Некоторое время мы прожили в Аркашоне, там меня отдали в начальную школу. Это была дань деда своим демократическим принципам. Однако он в то же время хотел, чтобы меня держали подальше от плебса. Учителю он представил меня в следующих выражениях: «Дорогой коллега, вверяю вам самое драгоценное свое достояние». Господин Барро носил бородку и пенсне, он зашел к нам на дачу распить бутылочку муската и заверил деда, что польщен доверием, оказанным ему представителем высшей школы. Он сажал меня за отдельную парту возле самой кафедры и во время перемен не отпускал от себя. Я считал, что эта привилегия в порядке вещей; каково на сей счет было мнение «сыновей народа» — моих равноправных сограждан, — понятия не имею, полагаю, что им было на это плевать. Я уставал от их проказ и считал хорошим тоном томиться скукой подле господина Барро, пока они бегали взапуски.

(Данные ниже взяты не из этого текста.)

(* Let $(R,\mathfrak{m})$ be a one-dimensional Cohen–Macaulay local ring. If $I$ is a trace ideal of $R$, then its integral closure $\bar I$ is also a trace ideal.
   Context: For an $R$-module $N$, $\operatorname{tr}(N)$ is the image of $N\otimes_R\operatorname{Hom}_R(N,R)\to R$, $n\otimes\alpha\mapsto\alpha(n)$; an ideal $I$ is a trace ideal if $I=\operatorname{tr}(N)$ for some $R$-module $N$ (equivalently $\operatorname{tr}(I)=I$). $\bar I$ denotes the integral closure of the ideal $I$. *)

theory Defs
  imports Main "HOL-Library.Extended_Nat"
begin

text \<open>Commutative algebra over a commutative ring given as a type 'a :: comm_ring_1
  (the ring R is the whole type).\<close>

definition is_ideal :: "'a::comm_ring_1 set \<Rightarrow> bool" where
  "is_ideal I \<longleftrightarrow> 0 \<in> I \<and> (\<forall>x\<in>I. \<forall>y\<in>I. x + y \<in> I) \<and> (\<forall>r. \<forall>x\<in>I. r * x \<in> I)"

definition ideal_gen :: "'a::comm_ring_1 set \<Rightarrow> 'a set" where
  "ideal_gen S = \<Inter> {J. is_ideal J \<and> S \<subseteq> J}"

definition ideal_prod :: "'a::comm_ring_1 set \<Rightarrow> 'a set \<Rightarrow> 'a set" where
  "ideal_prod I J = ideal_gen {a * b | a b. a \<in> I \<and> b \<in> J}"

fun ideal_pow :: "'a::comm_ring_1 set \<Rightarrow> nat \<Rightarrow> 'a set" where
  "ideal_pow I 0 = UNIV"
| "ideal_pow I (Suc n) = ideal_prod I (ideal_pow I n)"

definition prime_ideal :: "'a::comm_ring_1 set \<Rightarrow> bool" where
  "prime_ideal P \<longleftrightarrow> is_ideal P \<and> P \<noteq> UNIV \<and> (\<forall>a b. a * b \<in> P \<longrightarrow> a \<in> P \<or> b \<in> P)"

definition maximal_ideal :: "'a::comm_ring_1 set \<Rightarrow> bool" where
  "maximal_ideal M \<longleftrightarrow> is_ideal M \<and> M \<noteq> UNIV \<and>
     (\<forall>J. is_ideal J \<and> M \<subseteq> J \<longrightarrow> J = M \<or> J = UNIV)"

definition noetherian_ring :: "'a::comm_ring_1 itself \<Rightarrow> bool" where
  "noetherian_ring _ \<longleftrightarrow> (\<forall>I::'a set. is_ideal I \<longrightarrow> (\<exists>S. finite S \<and> I = ideal_gen S))"

definition local_ring_with_max :: "'a::comm_ring_1 set \<Rightarrow> bool" where
  "local_ring_with_max m \<longleftrightarrow> maximal_ideal m \<and> (\<forall>J. maximal_ideal J \<longrightarrow> J = m)"

definition krull_dim :: "'a::comm_ring_1 itself \<Rightarrow> enat" where
  "krull_dim _ = Sup {enat n | n. \<exists>P :: nat \<Rightarrow> 'a set.
      (\<forall>i\<le>n. prime_ideal (P i)) \<and> (\<forall>i<n. P i \<subset> P (Suc i))}"

definition regular_seq_in :: "'a::comm_ring_1 set \<Rightarrow> 'a list \<Rightarrow> bool" where
  "regular_seq_in m xs \<longleftrightarrow> set xs \<subseteq> m \<and> ideal_gen (set xs) \<noteq> UNIV \<and>
     (\<forall>i<length xs. \<forall>y. xs ! i * y \<in> ideal_gen (set (take i xs)) \<longrightarrow> y \<in> ideal_gen (set (take i xs)))"

definition depth_of :: "'a::comm_ring_1 set \<Rightarrow> enat" where
  "depth_of m = Sup {enat (length xs) | xs. regular_seq_in m xs}"

definition cohen_macaulay_local :: "'a::comm_ring_1 set \<Rightarrow> bool" where
  "cohen_macaulay_local m \<longleftrightarrow> noetherian_ring TYPE('a) \<and> local_ring_with_max m \<and>
     depth_of m = krull_dim TYPE('a)"

text \<open>R-linear maps I \<rightarrow> R (only values on I matter).\<close>
definition linear_on :: "'a::comm_ring_1 set \<Rightarrow> ('a \<Rightarrow> 'a) \<Rightarrow> bool" where
  "linear_on I f \<longleftrightarrow> (\<forall>x\<in>I. \<forall>y\<in>I. f (x + y) = f x + f y) \<and> (\<forall>r. \<forall>x\<in>I. f (r * x) = r * f x)"

text \<open>Trace of an ideal I: image of I \<otimes> Hom(I,R) \<rightarrow> R, i.e. the ideal generated by all
  \<alpha>(x) with \<alpha> \<in> Hom(I,R), x \<in> I.\<close>
definition trace_ideal_of :: "'a::comm_ring_1 set \<Rightarrow> 'a set" where
  "trace_ideal_of I = ideal_gen {f x | f x. linear_on I f \<and> x \<in> I}"

definition is_trace_ideal :: "'a::comm_ring_1 set \<Rightarrow> bool" where
  "is_trace_ideal I \<longleftrightarrow> is_ideal I \<and> trace_ideal_of I = I"

definition integral_closure_ideal :: "'a::comm_ring_1 set \<Rightarrow> 'a set" where
  "integral_closure_ideal I = {x. \<exists>n\<ge>1. \<exists>a :: nat \<Rightarrow> 'a.
      (\<forall>i\<in>{1..n}. a i \<in> ideal_pow I i) \<and> x ^ n + (\<Sum>i=1..n. a i * x ^ (n - i)) = 0}"

end

(*
  Let J be the integral closure of I and f : J -> R an R-linear map. Restricted to I, f maps I
  into tr(I) = I, hence I^k into I^k, because f(c d) = d f(c) for c in I. Given an equation
  x^n + a_1 x^(n-1) + ... + a_n = 0 with a_i in I^i, apply f to it n times, each time either to
  one factor x of a term (f(r x) = r f(x)) or, once a term has no x left, to its coefficient.
  This yields f(x)^n + f(a_1) f(x)^(n-1) + ... + f^n(a_n) = 0, so f(x) lies in J and
  tr(J) = J. That J is an ideal is the classical argument: x lies in J iff x t is integral over
  the Rees algebra R[It], and sums of integral elements are integral by the determinant trick.
*)

theory Submission
  imports Defs "Jordan_Normal_Form.Char_Poly"
begin

section \<open>Ideals and their powers\<close>

lemma is_ideal_ideal_gen: "is_ideal (ideal_gen S)"
  unfolding ideal_gen_def is_ideal_def by auto

lemma ideal_gen_superset: "S \<subseteq> ideal_gen S"
  unfolding ideal_gen_def by auto

lemma ideal_gen_least: "is_ideal J \<Longrightarrow> S \<subseteq> J \<Longrightarrow> ideal_gen S \<subseteq> J"
  unfolding ideal_gen_def by auto

lemma ideal_gen_induct [consumes 1, case_names zero add mult gen]:
  assumes x: "x \<in> ideal_gen S"
    and zero: "P 0"
    and add: "\<And>x y. x \<in> ideal_gen S \<Longrightarrow> y \<in> ideal_gen S \<Longrightarrow> P x \<Longrightarrow> P y \<Longrightarrow> P (x + y)"
    and mult: "\<And>r x. x \<in> ideal_gen S \<Longrightarrow> P x \<Longrightarrow> P (r * x)"
    and gen: "\<And>s. s \<in> S \<Longrightarrow> P s"
  shows "P x"
proof -
  have "is_ideal {x \<in> ideal_gen S. P x}"
    using is_ideal_ideal_gen[of S] zero add mult unfolding is_ideal_def by auto
  moreover have "S \<subseteq> {x \<in> ideal_gen S. P x}"
    using ideal_gen_superset gen by blast
  ultimately show ?thesis
    using ideal_gen_least x by blast
qed

lemma is_ideal_0: "is_ideal J \<Longrightarrow> 0 \<in> J"
  unfolding is_ideal_def by auto

lemma is_ideal_add: "is_ideal J \<Longrightarrow> x \<in> J \<Longrightarrow> y \<in> J \<Longrightarrow> x + y \<in> J"
  unfolding is_ideal_def by auto

lemma is_ideal_mult_left: "is_ideal J \<Longrightarrow> x \<in> J \<Longrightarrow> r * x \<in> J"
  unfolding is_ideal_def by auto

lemma is_ideal_mult_right: "is_ideal J \<Longrightarrow> x \<in> J \<Longrightarrow> x * r \<in> J"
  using is_ideal_mult_left[of J x r] by (simp add: mult.commute)

lemma is_ideal_uminus: "is_ideal J \<Longrightarrow> x \<in> J \<Longrightarrow> - x \<in> J"
  using is_ideal_mult_left[of J x "- 1"] by simp

lemma is_ideal_sum: "is_ideal J \<Longrightarrow> (\<And>i. i \<in> F \<Longrightarrow> f i \<in> J) \<Longrightarrow> sum f F \<in> J"
  by (induction F rule: infinite_finite_induct) (auto intro: is_ideal_0 is_ideal_add)

lemma ideal_pow_Suc: "ideal_pow I (Suc k) = ideal_gen {a * b | a b. a \<in> I \<and> b \<in> ideal_pow I k}"
  by (simp add: ideal_prod_def)

declare ideal_pow.simps(2) [simp del]

lemma is_ideal_ideal_pow: "is_ideal (ideal_pow I k)"
proof (cases k)
  case 0
  then show ?thesis by (simp add: is_ideal_def)
next
  case (Suc l)
  then show ?thesis by (simp only: ideal_pow_Suc is_ideal_ideal_gen)
qed

lemma mult_mem_ideal_pow_Suc:
  assumes "a \<in> I" "b \<in> ideal_pow I k"
  shows "a * b \<in> ideal_pow I (Suc k)"
proof -
  have "a * b \<in> {a * b | a b. a \<in> I \<and> b \<in> ideal_pow I k}"
    using assms by blast
  then show ?thesis
    unfolding ideal_pow_Suc by (rule subsetD[OF ideal_gen_superset])
qed

lemma ideal_pow_mult:
  "a \<in> ideal_pow I i \<Longrightarrow> b \<in> ideal_pow I j \<Longrightarrow> a * b \<in> ideal_pow I (i + j)"
proof (induction i arbitrary: a)
  case 0
  then show ?case
    using is_ideal_mult_left[OF is_ideal_ideal_pow] by simp
next
  case (Suc i)
  from Suc.prems(1) show ?case
    unfolding ideal_pow_Suc[of I i]
  proof (induction rule: ideal_gen_induct)
    case zero
    show ?case using is_ideal_0[OF is_ideal_ideal_pow] by simp
  next
    case (add x y)
    then show ?case using is_ideal_add[OF is_ideal_ideal_pow] by (simp add: distrib_right)
  next
    case (mult r x)
    then show ?case using is_ideal_mult_left[OF is_ideal_ideal_pow] by (simp add: mult.assoc)
  next
    case (gen s)
    then obtain c d where s: "s = c * d" and "c \<in> I" "d \<in> ideal_pow I i"
      by blast
    then have "c * (d * b) \<in> ideal_pow I (Suc (i + j))"
      using Suc.IH Suc.prems(2) by (intro mult_mem_ideal_pow_Suc) auto
    then show ?case
      using s by (simp add: mult.assoc)
  qed
qed

lemma ideal_pow_subset:
  assumes I: "is_ideal I" and k: "1 \<le> k"
  shows "ideal_pow I k \<subseteq> I"
proof -
  obtain l where "k = Suc l"
    using k by (cases k) auto
  then show ?thesis
    unfolding \<open>k = Suc l\<close> ideal_pow_Suc using I by (intro ideal_gen_least) (auto intro: is_ideal_mult_right)
qed

lemma ideal_pow_1: "is_ideal I \<Longrightarrow> ideal_pow I 1 = I"
  using ideal_pow_subset[of I 1] mult_mem_ideal_pow_Suc[of _ I 1 0] by fastforce

section \<open>Integral elements over a subring\<close>

definition is_subring :: "'a::comm_ring_1 set \<Rightarrow> bool" where
  "is_subring A \<longleftrightarrow> 0 \<in> A \<and> 1 \<in> A \<and> (\<forall>a\<in>A. - a \<in> A) \<and> (\<forall>a\<in>A. \<forall>b\<in>A. a + b \<in> A \<and> a * b \<in> A)"

definition poly_over :: "'a::comm_ring_1 set \<Rightarrow> 'a poly set" where
  "poly_over A = {p. \<forall>i. coeff p i \<in> A}"

definition integral_over :: "'a::comm_ring_1 set \<Rightarrow> 'a \<Rightarrow> bool" where
  "integral_over A u \<longleftrightarrow> (\<exists>n\<ge>1. \<exists>c. (\<forall>i. c i \<in> A) \<and> u ^ n = (\<Sum>i<n. c i * u ^ i))"

definition span_over :: "'a::comm_ring_1 set \<Rightarrow> (nat \<Rightarrow> 'a) \<Rightarrow> nat \<Rightarrow> 'a set" where
  "span_over A g K = {x. \<exists>c. (\<forall>i. c i \<in> A) \<and> x = (\<Sum>i<K. c i * g i)}"

lemma subring_sum: "is_subring A \<Longrightarrow> (\<And>i. i \<in> F \<Longrightarrow> f i \<in> A) \<Longrightarrow> sum f F \<in> A"
  by (induction F rule: infinite_finite_induct) (auto simp: is_subring_def)

lemma subring_prod: "is_subring A \<Longrightarrow> (\<And>i. i \<in> F \<Longrightarrow> f i \<in> A) \<Longrightarrow> prod f F \<in> A"
  by (induction F rule: infinite_finite_induct) (auto simp: is_subring_def)

lemma subring_det:
  assumes A: "is_subring A" and M: "M \<in> carrier_mat n n"
    and entries: "\<And>i j. i < n \<Longrightarrow> j < n \<Longrightarrow> M $$ (i, j) \<in> A"
  shows "det M \<in> A"
  unfolding det_def'[OF M]
proof (rule subring_sum[OF A])
  fix p assume "p \<in> {p. p permutes {0..<n}}"
  then have "(\<Prod>i = 0..<n. M $$ (i, p i)) \<in> A"
    using entries by (intro subring_prod[OF A]) (auto simp: permutes_in_image)
  moreover have "signof p \<in> A"
    using A by (cases p rule: sign_cases) (auto simp: is_subring_def)
  ultimately show "signof p * (\<Prod>i = 0..<n. M $$ (i, p i)) \<in> A"
    using A by (simp add: is_subring_def)
qed

lemma is_subring_poly_over: "is_subring A \<Longrightarrow> is_subring (poly_over A)"
proof -
  assume A: "is_subring A"
  have "coeff (p * q) i \<in> A" if "p \<in> poly_over A" "q \<in> poly_over A" for p q i
    unfolding coeff_mult using that A by (intro subring_sum) (auto simp: poly_over_def is_subring_def)
  moreover have "coeff 1 i \<in> A" for i
    using A by (cases i) (auto simp: is_subring_def)
  ultimately show ?thesis
    using A unfolding is_subring_def poly_over_def by auto
qed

У меня было две причины уважать моего учителя: он желал мне добра и у него дурно пахло изо рта. Взрослым полагалось быть морщинистыми, неаппетитными уродами; когда они меня целовали, мне нравилось преодолевать легкую тошноту, это доказывало, что добродетель дается дорогой ценой. Я знавал, конечно, и простые, банальные радости: бегать, прыгать, лакомиться пирожными, целовать душистую и нежную щеку матери, но куда больше ценил радости выстраданные, требующие усилия над собой, их я вкушал в обществе зрелых мужей. Отвращение, которое они во мне вызывали, составляло неотъемлемую часть их престижа. Я смешивал чувство брезгливости с уважением. Я был снобом. Когда господин Барро склонялся ко мне, его дыхание подвергало меня изощренной пытке, но я усердно втягивал носом неблаговонный дух его достоинств.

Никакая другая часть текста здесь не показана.